Percentage of injected fluid recovered after 24 h of flowback over a wide range of dip angles for different number of discontinuities \(N_{d}\) (blue, orange, and yellow lines)

7 Conclusions

Many authors have reported significant losses of fluid injected during fracturing treatment of a well, which is not recovered during flowback and production. Laboratory experiments showed that preexisting rock discontinuities (natural fractures, bedding planes, and others) play a substantial role in the leakoff of injected fluid from hydraulically created fractures. In this work, we showed the important role of discontinuities in trapping of injected fluid volumes from rock. To do that, we considered the entire process of fluid flow in and out of discontinuities during subsequent stages: injection, shut-in, and flowback stages.

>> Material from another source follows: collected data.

(* Let $n,p_1,p_2\ge 1$, $p=p_1+p_2$, let $(A_k)_{k\ge 0}$ be a sequence of real $n\times n$ matrices, $C_1\in\mathbb{R}^{p_1\times n}$, $C_2\in\mathbb{R}^{p_2\times n}$, $C=\begin{pmatrix}C_1\\ C_2\end{pmatrix}$, $Q=Q^T>0$ ($n\times n$), and $R=R^T=\begin{pmatrix}R_{11}&R_{12}\\ R_{21}&R_{22}\end{pmatrix}>0$ ($p\times p$, with $R_{11}$ of size $p_1\times p_1$, $R_{22}$ of size $p_2\times p_2$). Fix $\lambda_1,\lambda_2\in[0,1]$. For $X=X^T\ge 0$ define $$g_{\lambda_1\lambda_2}(k,X)=A_kXA_k^T+Q-\lambda_1\lambda_2A_kXC^T(CXC^T+R)^{-1}CXA_k^T-\lambda_1(1-\lambda_2)A_kXC_1^T(C_1XC_1^T+R_{11})^{-1}C_1XA_k^T-(1-\lambda_1)\lambda_2A_kXC_2^T(C_2XC_2^T+R_{22})^{-1}C_2XA_k^T,$$ and for matrices $K\in\mathbb{R}^{n\times p}$, $K_1\in\mathbb{R}^{n\times p_1}$, $K_2\in\mathbb{R}^{n\times p_2}$ define $$\phi(k,K,K_1,K_2,X)=(1-\lambda_1)(1-\lambda_2)(A_kXA_k^T+Q)+\lambda_1\lambda_2\big((A_k+KC)X(A_k+KC)^T+Q+KRK^T\big)$$ $$+\lambda_1(1-\lambda_2)\big((A_k+K_1C_1)X(A_k+K_1C_1)^T+Q+K_1R_{11}K_1^T\big)+(1-\lambda_1)\lambda_2\big((A_k+K_2C_2)X(A_k+K_2C_2)^T+Q+K_2R_{22}K_2^T\big).$$ Suppose there exist matrices $K_k\in\mathbb{R}^{n\times p}$, $K_{k,1}\in\mathbb{R}^{n\times p_1}$, $K_{k,2}\in\mathbb{R}^{n\times p_2}$ ($k\ge 0$) and a symmetric matrix $\bar P>0$ such that $\bar P>\phi(k,K_k,K_{k,1},K_{k,2},\bar P)$ for all $k\ge 0$. Then for every symmetric $P_0\ge 0$, the sequence defined by $P_{k+1}=g_{\lambda_1\lambda_2}(k,P_k)$ is bounded.
   Context: All matrix inequalities are in the Loewner (positive semidefinite) order: $M>N$ means $M-N$ is positive definite, $M\ge N$ means $M-N$ is positive semidefinite. The recursion $P_{k+1}=g_{\lambda_1\lambda_2}(k,P_k)$ is the covariance recursion of an extended Kalman filter whose two measurement channels (outputs $C_1x$, $C_2x$) deliver measurements with probabilities $\lambda_1,\lambda_2$, with $A_k$ the Jacobian of the dynamics at step $k$. *)

theory Defs
  imports "HOL-Analysis.Analysis"
begin

definition psd_mat :: "real^'n^'n \<Rightarrow> bool" where
  "psd_mat M \<longleftrightarrow> transpose M = M \<and> (\<forall>x. 0 \<le> x \<bullet> (M *v x))"

definition pd_mat :: "real^'n^'n \<Rightarrow> bool" where
  "pd_mat M \<longleftrightarrow> transpose M = M \<and> (\<forall>x. x \<noteq> 0 \<longrightarrow> 0 < x \<bullet> (M *v x))"

definition stack_rows :: "real^'n^'p1::finite \<Rightarrow> real^'n^'p2::finite \<Rightarrow> real^'n^('p1 + 'p2)" where
  "stack_rows C1 C2 = (\<chi> i. case i of Inl a \<Rightarrow> C1 $ a | Inr b \<Rightarrow> C2 $ b)"

definition blk11 :: "real^('p1::finite + 'p2::finite)^('p1 + 'p2) \<Rightarrow> real^'p1^'p1" where
  "blk11 R = (\<chi> i j. R $ Inl i $ Inl j)"

definition blk22 :: "real^('p1::finite + 'p2::finite)^('p1 + 'p2) \<Rightarrow> real^'p2^'p2" where
  "blk22 R = (\<chi> i j. R $ Inr i $ Inr j)"

definition gmap ::
  "(nat \<Rightarrow> real^'n^'n) \<Rightarrow> real^'n^'p1 \<Rightarrow> real^'n^'p2 \<Rightarrow> real^'n^'n
   \<Rightarrow> real^('p1 + 'p2)^('p1 + 'p2) \<Rightarrow> real \<Rightarrow> real \<Rightarrow> nat \<Rightarrow> real^'n^'n \<Rightarrow> real^'n^'n" where
  "gmap A C1 C2 Q R l1 l2 k X =
     (let C = stack_rows C1 C2; R11 = blk11 R; R22 = blk22 R; Ak = A k in
      Ak ** X ** transpose Ak + Q
      - (l1 * l2) *\<^sub>R (Ak ** X ** transpose C ** matrix_inv (C ** X ** transpose C + R)
                         ** C ** X ** transpose Ak)
      - (l1 * (1 - l2)) *\<^sub>R (Ak ** X ** transpose C1 ** matrix_inv (C1 ** X ** transpose C1 + R11)
                         ** C1 ** X ** transpose Ak)
      - ((1 - l1) * l2) *\<^sub>R (Ak ** X ** transpose C2 ** matrix_inv (C2 ** X ** transpose C2 + R22)
                         ** C2 ** X ** transpose Ak))"

definition phimap ::
  "(nat \<Rightarrow> real^'n^'n) \<Rightarrow> real^'n^'p1 \<Rightarrow> real^'n^'p2 \<Rightarrow> real^'n^'n
   \<Rightarrow> real^('p1 + 'p2)^('p1 + 'p2) \<Rightarrow> real \<Rightarrow> real \<Rightarrow> nat
   \<Rightarrow> real^('p1 + 'p2)^'n \<Rightarrow> real^'p1^'n \<Rightarrow> real^'p2^'n \<Rightarrow> real^'n^'n \<Rightarrow> real^'n^'n" where
  "phimap A C1 C2 Q R l1 l2 k K K1 K2 X =
     (let C = stack_rows C1 C2; R11 = blk11 R; R22 = blk22 R; Ak = A k in
      ((1 - l1) * (1 - l2)) *\<^sub>R (Ak ** X ** transpose Ak + Q)
      + (l1 * l2) *\<^sub>R ((Ak + K ** C) ** X ** transpose (Ak + K ** C) + Q + K ** R ** transpose K)
      + (l1 * (1 - l2)) *\<^sub>R ((Ak + K1 ** C1) ** X ** transpose (Ak + K1 ** C1) + Q
                                + K1 ** R11 ** transpose K1)
      + ((1 - l1) * l2) *\<^sub>R ((Ak + K2 ** C2) ** X ** transpose (Ak + K2 ** C2) + Q
                                + K2 ** R22 ** transpose K2))"

end

theory Submission
  imports Defs
begin

(*
  For each measurement channel, completing the square in the gain shows that the Kalman update
  A X A^T - A X C^T (C X C^T + R)^-1 C X A^T is positive semidefinite and lies below the Joseph
  form (A + K C) X (A + K C)^T + K R K^T for every gain K.  Since g and phi are the same convex
  combination of these channel terms (plus Q), g(k, X) <= phi(k, K, K1, K2, X) for all gains.
  Moreover phi is monotone in X and, its constant part being positive semidefinite,
  phi(M X) <= M phi(X) for M >= 1.  Choosing M >= 1 with P0 <= M Pbar, induction gives
  P_(k+1) <= phi(k, K_k, K_k1, K_k2, P_k) <= M phi(k, K_k, K_k1, K_k2, Pbar) <= M Pbar, and the
  positive semidefinite matrices below M Pbar form a bounded set.
*)

definition quad_form :: "real^'n^'n \<Rightarrow> real^'n \<Rightarrow> real" where
  "quad_form M x = x \<bullet> (M *v x)"

definition loewner_le :: "real^'n^'n \<Rightarrow> real^'n^'n \<Rightarrow> bool"  (infix \<open>\<preceq>\<close> 50) where
  "X \<preceq> Y \<longleftrightarrow> (\<forall>x. quad_form X x \<le> quad_form Y x)"

lemma transpose_add: "transpose (A + B) = transpose A + transpose (B::'a::semiring_1^'n^'m)"
  by (simp add: transpose_def vec_eq_iff)

lemma transpose_diff: "transpose (A - B) = transpose A - transpose (B::'a::ring_1^'n^'m)"
  by (simp add: transpose_def vec_eq_iff)

lemma inner_matrix_vector_transpose: "x \<bullet> ((M::real^'n^'m) *v y) = (transpose M *v x) \<bullet> y"
  by (metis dot_lmul_matrix transpose_matrix_vector)

lemma quad_form_add: "quad_form (A + B) x = quad_form A x + quad_form B x"
  by (simp add: quad_form_def matrix_vector_mult_add_rdistrib inner_add_right)

lemma quad_form_diff: "quad_form (A - B) x = quad_form A x - quad_form B x"
  by (simp add: quad_form_def matrix_vector_mult_diff_rdistrib inner_diff_right)

lemma quad_form_scaleR: "quad_form (c *\<^sub>R A) x = c * quad_form A x"
  by (simp add: quad_form_def flip: scaleR_matrix_vector_assoc)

Rock discontinuities have a different ability to store and produce the injected fluid related to their different mechanical properties and spatial orientation in rock. The conductivity of a discontinuity is a strong stress- and pressure-dependent function, as opposed to the tight rock matrix. This makes the developed model substantially different than classical models for conventional unfractured rocks. We recognized two different regimes of fluid flow in discontinuities: linear and nonlinear. The regime depends on the stress and pressure conditions applied to the discontinuities and their mechanical properties (e.g., roughness, aperture). In the nonlinear regime, a large volume of injected fluid may not be recovered during flowback. This occurs because the aperture at the contact with a hydraulic fracture is reduced during pressure drawdown in a well due to high compliance of a discontinuity to pressure. As a result, compliant discontinuities have a lower flowback rate compared to the rate of leakoff, and trap injected fluid in them.

We validated the model with published flowback field data. The discontinuity model can describe the flow rate in the mechanically closed fractures with sufficient accuracy (20%). A nonlinear flow regime explains the flow rates observed in the field, which cannot be explained by a simplified linear inflow model.

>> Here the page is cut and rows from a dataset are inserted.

(* Let $\mathbb{F}$ be an algebraically closed field of characteristic $2$. Let $A_1,\dots,A_4,B_1,\dots,B_4\in M(2)$ satisfy the Standing Hypothesis, and suppose $A_1=\begin{pmatrix}a_1&1\\0&a_1\end{pmatrix}$ and $B_1=\begin{pmatrix}b_1&1\\0&b_1\end{pmatrix}$ for some $a_1,b_1\in\mathbb{F}$. Then $\mathrm{tr}(A_1A_2A_3A_4)=\mathrm{tr}(B_1B_2B_3B_4)$.
   Context: $M(2)$ is the space of $2\times 2$ matrices over $\mathbb{F}$. Standing Hypothesis: $\mathrm{tr}(A_i)=\mathrm{tr}(B_i)$ and $\det(A_i)=\det(B_i)$ for $1\le i\le 4$; $\mathrm{tr}(A_iA_j)=\mathrm{tr}(B_iB_j)$ for $1\le i<j\le 4$; $\mathrm{tr}(A_iA_jA_k)=\mathrm{tr}(B_iB_jB_k)$ for $1\le i<j<k\le 4$. *)

theory Defs
  imports "HOL-Analysis.Analysis" "HOL-Computational_Algebra.Polynomial"
begin

definition jblock :: "'a::field \<Rightarrow> 'a^2^2" where
  "jblock c = (\<chi> i j. if i = j then c else if i = 1 \<and> j = 2 then 1 else 0)"

end

theory Submission
  imports Defs
begin

text \<open>Write J for the block with diagonal c and m(M) for the lower-left entry of M.
For every M one has tr (J M) = c tr M + m(M), and c itself is fixed by det J = c^2,
since squaring is injective in characteristic 2. Hence the hypotheses force m(A_i) and
m(A_i A_j) to agree with their B-counterparts, and the claim reduces to
m(A_2 A_3 A_4) = m(B_2 B_3 B_4). Three polynomial identities express m(XYZ), multiplied
by m(X), m(Y) or m(Z) respectively, through quantities already known to agree; and if
m(X) = m(Y) = m(Z) = 0 then m(XYZ) = 0 as well.\<close>

lemma matrix_mult_2_nth:
  "((M::'a::comm_ring_1^2^2) ** N)$i$j = M$i$1 * N$1$j + M$i$2 * N$2$j"
  by (simp add: matrix_matrix_mult_def sum_2)

lemma trace_2: "trace (M::'a::comm_ring_1^2^2) = M$1$1 + M$2$2"
  by (simp add: trace_def sum_2)

lemma jblock_nth:
  "jblock c $1$1 = c" "jblock c $1$2 = 1" "jblock c $2$1 = 0" "jblock c $2$2 = c"
  by (simp_all add: jblock_def)

lemma det_jblock: "det (jblock c) = c * c"
  by (simp add: det_2 jblock_nth)

lemma trace_jblock_mult: "trace (jblock c ** M) = c * trace M + M$2$1"
  by (simp add: trace_2 matrix_mult_2_nth jblock_nth algebra_simps)

lemma square_inj_CHAR_2:
  fixes x y :: "'a::idom"
  assumes "CHAR('a) = 2" and "x * x = y * y"
  shows "x = y"
proof -
  have "(2::'a) = 0" using of_nat_CHAR[where 'a='a] assms(1) by simp
  then have "(x - y) * (x - y) = x * x - y * y"
    by (simp add: algebra_simps flip: mult_2)
  with assms(2) show ?thesis by simp
qed

lemma lower_left_mult3_times_left:
  "X$2$1 * (X**Y**Z)$2$1 = (X**Y)$2$1 * (X**Z)$2$1
     + Z$2$1 * (X$2$1 * trace (X**Y) - trace X * (X**Y)$2$1 + det X * Y$2$1)"
  for X Y Z :: "'a::comm_ring_1^2^2"
  by (simp add: trace_2 matrix_mult_2_nth det_2 algebra_simps)

lemma lower_left_mult3_times_middle:
  "Y$2$1 * (X**Y**Z)$2$1 = (X**Y)$2$1 * (Y**Z)$2$1 - X$2$1 * Z$2$1 * det Y"
  for X Y Z :: "'a::comm_ring_1^2^2"
  by (simp add: trace_2 matrix_mult_2_nth det_2 algebra_simps)

lemma lower_left_mult3_times_right:
  "Z$2$1 * (X**Y**Z)$2$1 = X$2$1 * (Z$2$1 * trace (Y**Z) + Y$2$1 * det Z)
     + (Y**Z)$2$1 * ((X**Z)$2$1 - X$2$1 * trace Z)"
  for X Y Z :: "'a::comm_ring_1^2^2"
  by (simp add: trace_2 matrix_mult_2_nth det_2 algebra_simps)

lemma lower_left_mult3_eq:
  fixes X Y Z X' Y' Z' :: "'a::idom^2^2"
  assumes "X$2$1 = X'$2$1" "Y$2$1 = Y'$2$1" "Z$2$1 = Z'$2$1"
    and "(X**Y)$2$1 = (X'**Y')$2$1" "(X**Z)$2$1 = (X'**Z')$2$1" "(Y**Z)$2$1 = (Y'**Z')$2$1"
    and "trace X = trace X'" "trace Z = trace Z'"
    and "trace (X**Y) = trace (X'**Y')" "trace (Y**Z) = trace (Y'**Z')"
    and "det X = det X'" "det Y = det Y'" "det Z = det Z'"
  shows "(X**Y**Z)$2$1 = (X'**Y'**Z')$2$1"
proof -
  consider "X$2$1 \<noteq> 0" | "Y$2$1 \<noteq> 0" | "Z$2$1 \<noteq> 0" | "X$2$1 = 0 \<and> Y$2$1 = 0 \<and> Z$2$1 = 0"
    by blast
  then show ?thesis
  proof cases
    case 1
    have "X$2$1 * (X**Y**Z)$2$1 = X$2$1 * (X'**Y'**Z')$2$1"
      using assms lower_left_mult3_times_left[of X Y Z] lower_left_mult3_times_left[of X' Y' Z'] by simp
    with 1 show ?thesis by simp
  next
    case 2
    have "Y$2$1 * (X**Y**Z)$2$1 = Y$2$1 * (X'**Y'**Z')$2$1"
      using assms lower_left_mult3_times_middle[of Y X Z] lower_left_mult3_times_middle[of Y' X' Z'] by simp
    with 2 show ?thesis by simp
  next
    case 3
    have "Z$2$1 * (X**Y**Z)$2$1 = Z$2$1 * (X'**Y'**Z')$2$1"
      using assms lower_left_mult3_times_right[of Z X Y] lower_left_mult3_times_right[of Z' X' Y'] by simp
    with 3 show ?thesis by simp
  next
    case 4
    then show ?thesis using assms by (simp add: matrix_mult_2_nth)
  qed
qed

theorem lemma7:
  fixes A B :: "nat \<Rightarrow> 'a::alg_closed_field^2^2" and a1 b1 :: 'a
  assumes char2: "CHAR('a) = 2"
    and tr1: "\<forall>i\<in>{1..4}. trace (A i) = trace (B i)"
    and det1: "\<forall>i\<in>{1..4}. det (A i) = det (B i)"
    and tr2: "\<forall>i\<in>{1..4}. \<forall>j\<in>{1..4}. i < j \<longrightarrow> trace (A i ** A j) = trace (B i ** B j)"
    and tr3: "\<forall>i\<in>{1..4}. \<forall>j\<in>{1..4}. \<forall>k\<in>{1..4}. i < j \<and> j < k \<longrightarrow>
               trace (A i ** A j ** A k) = trace (B i ** B j ** B k)"
    and A1: "A 1 = jblock a1"
    and B1: "B 1 = jblock b1"
  shows "trace (A 1 ** A 2 ** A 3 ** A 4) = trace (B 1 ** B 2 ** B 3 ** B 4)"
proof -
  have "det (A 1) = det (B 1)" using det1 by simp
  then have "a1 * a1 = b1 * b1" unfolding A1 B1 det_jblock .
  with char2 have ab: "a1 = b1" by (rule square_inj_CHAR_2)
  have lower_left: "A i $2$1 = B i $2$1" if "i \<in> {2..4}" for i
  proof -
    have "trace (A 1 ** A i) = trace (B 1 ** B i)" "trace (A i) = trace (B i)"
      using tr1 tr2 that by auto
    then show ?thesis unfolding A1 B1 ab trace_jblock_mult by simp
  qed
  have lower_left_mult: "(A i ** A j)$2$1 = (B i ** B j)$2$1"
    if "i \<in> {2..4}" "j \<in> {2..4}" "i < j" for i j
  proof -
    have "trace (A 1 ** A i ** A j) = trace (B 1 ** B i ** B j)"
      "trace (A i ** A j) = trace (B i ** B j)"
      using tr2 tr3 that by auto
    then show ?thesis unfolding A1 B1 ab matrix_mul_assoc[symmetric] trace_jblock_mult by simp
  qed
  have "(A 2 ** A 3 ** A 4)$2$1 = (B 2 ** B 3 ** B 4)$2$1"
    by (rule lower_left_mult3_eq)
      (auto intro: lower_left lower_left_mult simp: tr1 tr2 det1)
  moreover have "trace (A 2 ** A 3 ** A 4) = trace (B 2 ** B 3 ** B 4)"
    using tr3 by auto
  ultimately show ?thesis
    unfolding A1 B1 ab matrix_mul_assoc[symmetric] trace_jblock_mult by simp
qed

end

We estimated that the depth of fluid penetration into the discontinuities ranges from several centimeters to several meters away from the contact with a hydraulic fracture. We also provided estimations for the volume accumulated in the discontinuities.

Overall, the developed model and the results of this work are recommended for use in commercial fracture design tools, flowback and production simulators. The model has the advantage of explicit modeling of fluid flow along natural conductive channels in rock and helps to create a realistic 3D picture of injected fluid distribution in rock after the fracturing treatment, as well as during flowback. It can also help in assessment of volumes and spatial regions of unrecoverable fluid trapped by the discontinuities.